**WHAT THE EXERCISE ASKS**
Taking the first line of the listing as the start and the line containing "(d + k) (\<lambda>b." as the end, reproduce everything in between exactly, both ends included.

**DATA FOR ANALYSIS**

definition WK_subspace_iter :: "nat \<Rightarrow> nat \<Rightarrow> nat \<Rightarrow> real mat" where
  "WK_subspace_iter d k l = mat_diag (d + k) (\<lambda>b.
     case l mod (k + 1) of 0 \<Rightarrow> of_bool (b < d) | Suc t \<Rightarrow> - of_bool (d \<le> b \<and> b < d + t))"

definition WR_subspace_iter :: "nat \<Rightarrow> nat \<Rightarrow> nat \<Rightarrow> real mat" where
  "WR_subspace_iter d k l = mat_diag (d + k) (\<lambda>a.
     case l mod (k + 1) of 0 \<Rightarrow> - of_bool (d \<le> a) | Suc t \<Rightarrow> 0)"

abbreviation subspace_iter_layer :: "nat \<Rightarrow> nat \<Rightarrow> nat \<Rightarrow> real mat \<Rightarrow> real mat" where
  "subspace_iter_layer d k l \<equiv> attention_layer d (WV_subspace_iter d k l) (1\<^sub>m (d + k))
     (WK_subspace_iter d k l) (WR_subspace_iter d k l)"

lemma subspace_iter_layer_laplacian:
  assumes l: "l mod (k + 1) = 0" and B: "B \<in> carrier_mat n d" and P: "P \<in> carrier_mat n k"
  shows "subspace_iter_layer d k l (init_Z n d k B P)
    = init_Z n d k B (normalize_cols (B * transpose_mat B * P))"
proof -
  let ?Z = "init_Z n d k B P"
  have "mat (d + k) n (\<lambda>(a, c). (1 - of_bool (d \<le> a)) * ?Z $$ (a, c)
      + of_bool (d \<le> a) * (\<Sum>b<d + k. of_bool (b < d) * (row ?Z a \<bullet> row ?Z b) * ?Z $$ (b, c)))
    = init_Z n d k B (B * transpose_mat B * P)"
    using B P
    by (intro eq_matI)
      (auto simp: sum_lessThan_add row_init_Z index_init_Z index_mult_transpose_mult
        simp del: index_mult_mat(1) assoc_mult_mat)
  then show ?thesis
    using B P l
    by (simp add: WV_subspace_iter_def WK_subspace_iter_def WR_subspace_iter_def
        attention_layer_mat_diag normalize_rows_init_Z)
qed

lemma subspace_iter_layer_orthogonalize_col:
  assumes l: "l mod (k + 1) = Suc t" and B: "B \<in> carrier_mat n d" and P: "P \<in> carrier_mat n k"
  shows "subspace_iter_layer d k l (init_Z n d k B P)
    = init_Z n d k B (normalize_cols (orthogonalize_col t P))"
proof -
  let ?Z = "init_Z n d k B P"
  have t: "t < k"
    using l by (metis Suc_eq_plus1 Suc_less_SucD mod_less_divisor zero_less_Suc)
  have restrict: "{..<k} \<inter> {j. j < t} = {..<t}"
    using t by auto
  have "mat (d + k) n (\<lambda>(a, c). ?Z $$ (a, c) + of_bool (a = d + t)
      * (\<Sum>b<d + k. - of_bool (d \<le> b \<and> b < d + t) * (row ?Z a \<bullet> row ?Z b) * ?Z $$ (b, c)))
    = init_Z n d k B (orthogonalize_col t P)"
    using B P t
    by (intro eq_matI)
      (auto simp: sum_lessThan_add row_init_Z index_init_Z orthogonalize_col_def restrict mult.assoc
        sum_negf)
  then show ?thesis
    using B P l
    by (simp add: WV_subspace_iter_def WK_subspace_iter_def WR_subspace_iter_def
        attention_layer_mat_diag normalize_rows_init_Z)
qed

abbreviation subspace_iter_tf :: "nat \<Rightarrow> nat \<Rightarrow> real mat \<Rightarrow> nat \<Rightarrow> real mat" where
  "subspace_iter_tf d k \<equiv> tf_state d (WV_subspace_iter d k) (\<lambda>_. 1\<^sub>m (d + k))
     (WK_subspace_iter d k) (WR_subspace_iter d k)"

lemma subspace_iter_tf_gram_schmidt:
  assumes Z: "subspace_iter_tf d k Z0 ((k + 1) * m) = init_Z n d k B P"
    and B: "B \<in> carrier_mat n d" and P: "P \<in> carrier_mat n k" and t: "t \<le> k"
  shows "subspace_iter_tf d k Z0 ((k + 1) * m + Suc t)
    = init_Z n d k B (gram_schmidt t (B * transpose_mat B * P))"
  using t
proof (induction t)
  case 0
  have "subspace_iter_tf d k Z0 ((k + 1) * m + Suc 0)
      = subspace_iter_layer d k ((k + 1) * m) (init_Z n d k B P)"
    unfolding add_Suc_right add_0_right tf_state_Suc Z ..
  also have "\<dots> = init_Z n d k B (normalize_cols (B * transpose_mat B * P))"
    by (rule subspace_iter_layer_laplacian[OF mod_mult_self1_is_0 B P])
  finally show ?case
    by simp
next
  case (Suc t)
  have phase: "((k + 1) * m + Suc t) mod (k + 1) = Suc t"
    unfolding mod_mult_self4 using Suc.prems by simp
  have "subspace_iter_tf d k Z0 ((k + 1) * m + Suc (Suc t))
      = subspace_iter_layer d k ((k + 1) * m + Suc t)
          (subspace_iter_tf d k Z0 ((k + 1) * m + Suc t))"
    using tf_state_Suc[of d _ _ _ _ Z0 "(k + 1) * m + Suc t"] by (simp only: add_Suc_right)
  also have "\<dots> = init_Z n d k B (gram_schmidt (Suc t) (B * transpose_mat B * P))"
    using Suc B P phase by (simp add: subspace_iter_layer_orthogonalize_col)
  finally show ?case .
qed

lemma subspace_iter_carrier:
  assumes "Lap \<in> carrier_mat n n" "Phi0 \<in> carrier_mat n k"
    and "\<forall>m. full_col_rank (Lap * subspace_iter Lap Phi0 m)"
  shows "subspace_iter Lap Phi0 m \<in> carrier_mat n k"
  using assms by (induction m) (simp_all add: QR_Q_eq_gram_schmidt[of _ n k])

lemma subspace_iter_tf_subspace_iter:
  assumes B: "B \<in> carrier_mat n d" and Phi0: "Phi0 \<in> carrier_mat n k"
    and rank: "\<forall>m. full_col_rank (B * transpose_mat B * subspace_iter (B * transpose_mat B) Phi0 m)"
  shows "subspace_iter_tf d k (init_Z n d k B Phi0) ((k + 1) * m)
    = init_Z n d k B (subspace_iter (B * transpose_mat B) Phi0 m)"
proof (induction m)
  case 0
  then show ?case by simp
next
  case (Suc m)
  let ?Lap = "B * transpose_mat B" and ?P = "subspace_iter (B * transpose_mat B) Phi0 m"
  have P: "?P \<in> carrier_mat n k"
    using B Phi0 rank by (intro subspace_iter_carrier) auto
  have "?Lap * ?P \<in> carrier_mat n k"
    using B P by (meson mult_carrier_mat transpose_carrier_mat)
  then have "gram_schmidt k (?Lap * ?P) = QR_Q (?Lap * ?P)"
    by (rule QR_Q_eq_gram_schmidt[OF _ rank[rule_format], symmetric])
  moreover have "(k + 1) * Suc m = (k + 1) * m + Suc k"
    by simp
  ultimately show ?case
    using subspace_iter_tf_gram_schmidt[OF Suc.IH B P le_refl] by (simp only: subspace_iter.simps)
qed

theorem lemma6:
  fixes n d k :: nat
  assumes "n \<ge> 1" and "d \<ge> 1" and "k \<ge> 1"
  shows "\<exists>WV WQ WK WR :: nat \<Rightarrow> real mat.
     (\<forall>l. WV l \<in> carrier_mat (d + k) (d + k) \<and> WQ l \<in> carrier_mat (d + k) (d + k) \<and>
          WK l \<in> carrier_mat (d + k) (d + k) \<and> WR l \<in> carrier_mat (d + k) (d + k)) \<and>
     (\<forall>src tgt r Phi0.
        is_conn_graph n d src tgt r \<longrightarrow> Phi0 \<in> carrier_mat n k \<longrightarrow> full_col_rank Phi0 \<longrightarrow>
        (let B = incidence_mat n d src tgt r; Lap = B * transpose_mat B;
             Z = tf_state d WV WQ WK WR (init_Z n d k B Phi0) in
         (\<forall>m. full_col_rank (Lap * subspace_iter Lap Phi0 m)) \<longrightarrow>
         (\<forall>m. B_part d (Z ((k + 1) * m)) = B \<and>
              Phi_part d k (Z ((k + 1) * m)) = subspace_iter Lap Phi0 m)))"
proof (intro exI conjI allI impI)
  fix l
  show "WV_subspace_iter d k l \<in> carrier_mat (d + k) (d + k)"
    "1\<^sub>m (d + k) \<in> carrier_mat (d + k) (d + k)"
    "WK_subspace_iter d k l \<in> carrier_mat (d + k) (d + k)"
    "WR_subspace_iter d k l \<in> carrier_mat (d + k) (d + k)"
    by (simp_all add: WV_subspace_iter_def WK_subspace_iter_def WR_subspace_iter_def)
next
  fix src tgt :: "nat \<Rightarrow> nat" and r :: "nat \<Rightarrow> real" and Phi0 :: "real mat"
  assume Phi0: "Phi0 \<in> carrier_mat n k"
  define B where "B = incidence_mat n d src tgt r"
  have B: "B \<in> carrier_mat n d"
    by (simp add: B_def incidence_mat_def)
  show "let B = incidence_mat n d src tgt r; Lap = B * transpose_mat B;
      Z = subspace_iter_tf d k (init_Z n d k B Phi0) in
    (\<forall>m. full_col_rank (Lap * subspace_iter Lap Phi0 m)) \<longrightarrow>
    (\<forall>m. B_part d (Z ((k + 1) * m)) = B \<and>
      Phi_part d k (Z ((k + 1) * m)) = subspace_iter Lap Phi0 m)"
    unfolding Let_def B_def[symmetric]
    using subspace_iter_tf_subspace_iter[OF B Phi0]
      subspace_iter_carrier[of "B * transpose_mat B" n Phi0 k] B Phi0
    by (simp add: B_part_init_Z Phi_part_init_Z)
qed

end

**TASK SOLUTION**
definition WK_subspace_iter :: "nat \<Rightarrow> nat \<Rightarrow> nat \<Rightarrow> real mat" where
  "WK_subspace_iter d k l = mat_diag (d + k) (\<lambda>b.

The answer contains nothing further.